lemma packing_coloring_exists:
  assumes "finite V"
  obtains k c where "packing_coloring V E k c"
proof -
  obtain f :: "'a \<Rightarrow> nat" and n where f: "bij_betw f V {..<n}"
    using assms by (metis finite_imp_inj_to_nat_seg bij_betw_def lessThan_def)
  have "f v < n" if "v \<in> V" for v
    using bij_betwE[OF f] that by blast
  then have "packing_coloring V E n (\<lambda>v. f v + 1)"
    using bij_betw_imp_inj_on[OF f] by (intro packing_coloringI) (auto simp: Suc_le_eq dest: inj_onD)
  then show ?thesis by (rule that)
qed

lemma packing_chromatic_le:
  "packing_coloring V E k c \<Longrightarrow> packing_chromatic V E \<le> k"
  unfolding packing_chromatic_def by (rule Least_le) blast

lemma packing_chromatic_attained:
  assumes "packing_coloring V E k c"
  obtains c' where "packing_coloring V E (packing_chromatic V E) c'"
proof -
  have "\<exists>c'. packing_coloring V E (LEAST k. \<exists>c. packing_coloring V E k c) c'"
    by (rule LeastI[of _ k]) (use assms in blast)
  then show ?thesis
    using that unfolding packing_chromatic_def by blast
qed

definition subdiv_vertex :: "'a \<Rightarrow> 'a \<Rightarrow> 'a + 'a set \<times> nat" where
  "subdiv_vertex u v = Inr ({u, v}, 0)"

lemma subdiv_vertex_eq_iff: "subdiv_vertex u v = subdiv_vertex u' v' \<longleftrightarrow> {u, v} = {u', v'}"
  by (simp add: subdiv_vertex_def)

lemma Inl_neq_subdiv_vertex [simp]: "Inl w \<noteq> subdiv_vertex u v"
  by (simp add: subdiv_vertex_def)

lemma Inl_in_fssd_V_iff [simp]: "Inl v \<in> fssd_V V E m \<longleftrightarrow> v \<in> V"
  by (auto simp: fssd_V_def)

lemma subdiv_vertex_in_fssd_V: "E u v \<Longrightarrow> 1 \<le> m \<Longrightarrow> subdiv_vertex u v \<in> fssd_V V E m"
  by (auto simp: fssd_V_def subdiv_vertex_def)

lemma fssd_E_commute: "fssd_E E m x y \<longleftrightarrow> fssd_E E m y x"
  unfolding fssd_E_def by blast

lemma fssd_E_Inl_subdiv_vertex:
    "E u v \<Longrightarrow> w \<in> {u, v} \<Longrightarrow> 1 \<le> m \<Longrightarrow> fssd_E E m (Inl w) (subdiv_vertex u v)"
  and fssd_E_subdiv_vertex_Inl:
    "E u v \<Longrightarrow> w \<in> {u, v} \<Longrightarrow> 1 \<le> m \<Longrightarrow> fssd_E E m (subdiv_vertex u v) (Inl w)"
  unfolding fssd_E_def subdiv_vertex_def
  by (intro exI[of _ w] exI[of _ u] exI[of _ v] exI[of _ 0]; simp)+

lemma not_fssd_E_Inr_Inr [simp]: "\<not> fssd_E E m (Inr p) (Inr q)"
  by (simp add: fssd_E_def)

◆ ◆ ◆ ◆ ◆

## Instructions to follow
The output should match the records above exactly, entry for entry.

## Task solution
lemma packing_coloring_exists:
  assumes "finite V"
  obtains k c where "packing_coloring V E k c"
proof -
  obtain f :: "'a \<Rightarrow> nat" and n where f: "bij_betw f V {..<n}"
    using assms by (metis finite_imp_inj_to_nat_seg bij_betw_def lessThan_def)
  have "f v < n" if "v \<in> V" for v
    using bij_betwE[OF f] that by blast
  then have "packing_coloring V E n (\<lambda>v. f v + 1)"
    using bij_betw_imp_inj_on[OF f] by (intro packing_coloringI) (auto simp: Suc_le_eq dest: inj_onD)
  then show ?thesis by (rule that)
qed

lemma packing_chromatic_le:
  "packing_coloring V E k c \<Longrightarrow> packing_chromatic V E \<le> k"
  unfolding packing_chromatic_def by (rule Least_le) blast

lemma packing_chromatic_attained:
  assumes "packing_coloring V E k c"
  obtains c' where "packing_coloring V E (packing_chromatic V E) c'"
proof -
  have "\<exists>c'. packing_coloring V E (LEAST k. \<exists>c. packing_coloring V E k c) c'"
    by (rule LeastI[of _ k]) (use assms in blast)
  then show ?thesis
    using that unfolding packing_chromatic_def by blast
qed

definition subdiv_vertex :: "'a \<Rightarrow> 'a \<Rightarrow> 'a + 'a set \<times> nat" where
  "subdiv_vertex u v = Inr ({u, v}, 0)"

lemma subdiv_vertex_eq_iff: "subdiv_vertex u v = subdiv_vertex u' v' \<longleftrightarrow> {u, v} = {u', v'}"
  by (simp add: subdiv_vertex_def)

lemma Inl_neq_subdiv_vertex [simp]: "Inl w \<noteq> subdiv_vertex u v"
  by (simp add: subdiv_vertex_def)

lemma Inl_in_fssd_V_iff [simp]: "Inl v \<in> fssd_V V E m \<longleftrightarrow> v \<in> V"
  by (auto simp: fssd_V_def)

lemma subdiv_vertex_in_fssd_V: "E u v \<Longrightarrow> 1 \<le> m \<Longrightarrow> subdiv_vertex u v \<in> fssd_V V E m"
  by (auto simp: fssd_V_def subdiv_vertex_def)

lemma fssd_E_commute: "fssd_E E m x y \<longleftrightarrow> fssd_E E m y x"
  unfolding fssd_E_def by blast

lemma fssd_E_Inl_subdiv_vertex:
    "E u v \<Longrightarrow> w \<in> {u, v} \<Longrightarrow> 1 \<le> m \<Longrightarrow> fssd_E E m (Inl w) (subdiv_vertex u v)"
  and fssd_E_subdiv_vertex_Inl:
    "E u v \<Longrightarrow> w \<in> {u, v} \<Longrightarrow> 1 \<le> m \<Longrightarrow> fssd_E E m (subdiv_vertex u v) (Inl w)"
  unfolding fssd_E_def subdiv_vertex_def
  by (intro exI[of _ w] exI[of _ u] exI[of _ v] exI[of _ 0]; simp)+

lemma not_fssd_E_Inr_Inr [simp]: "\<not> fssd_E E m (Inr p) (Inr q)"
  by (simp add: fssd_E_def)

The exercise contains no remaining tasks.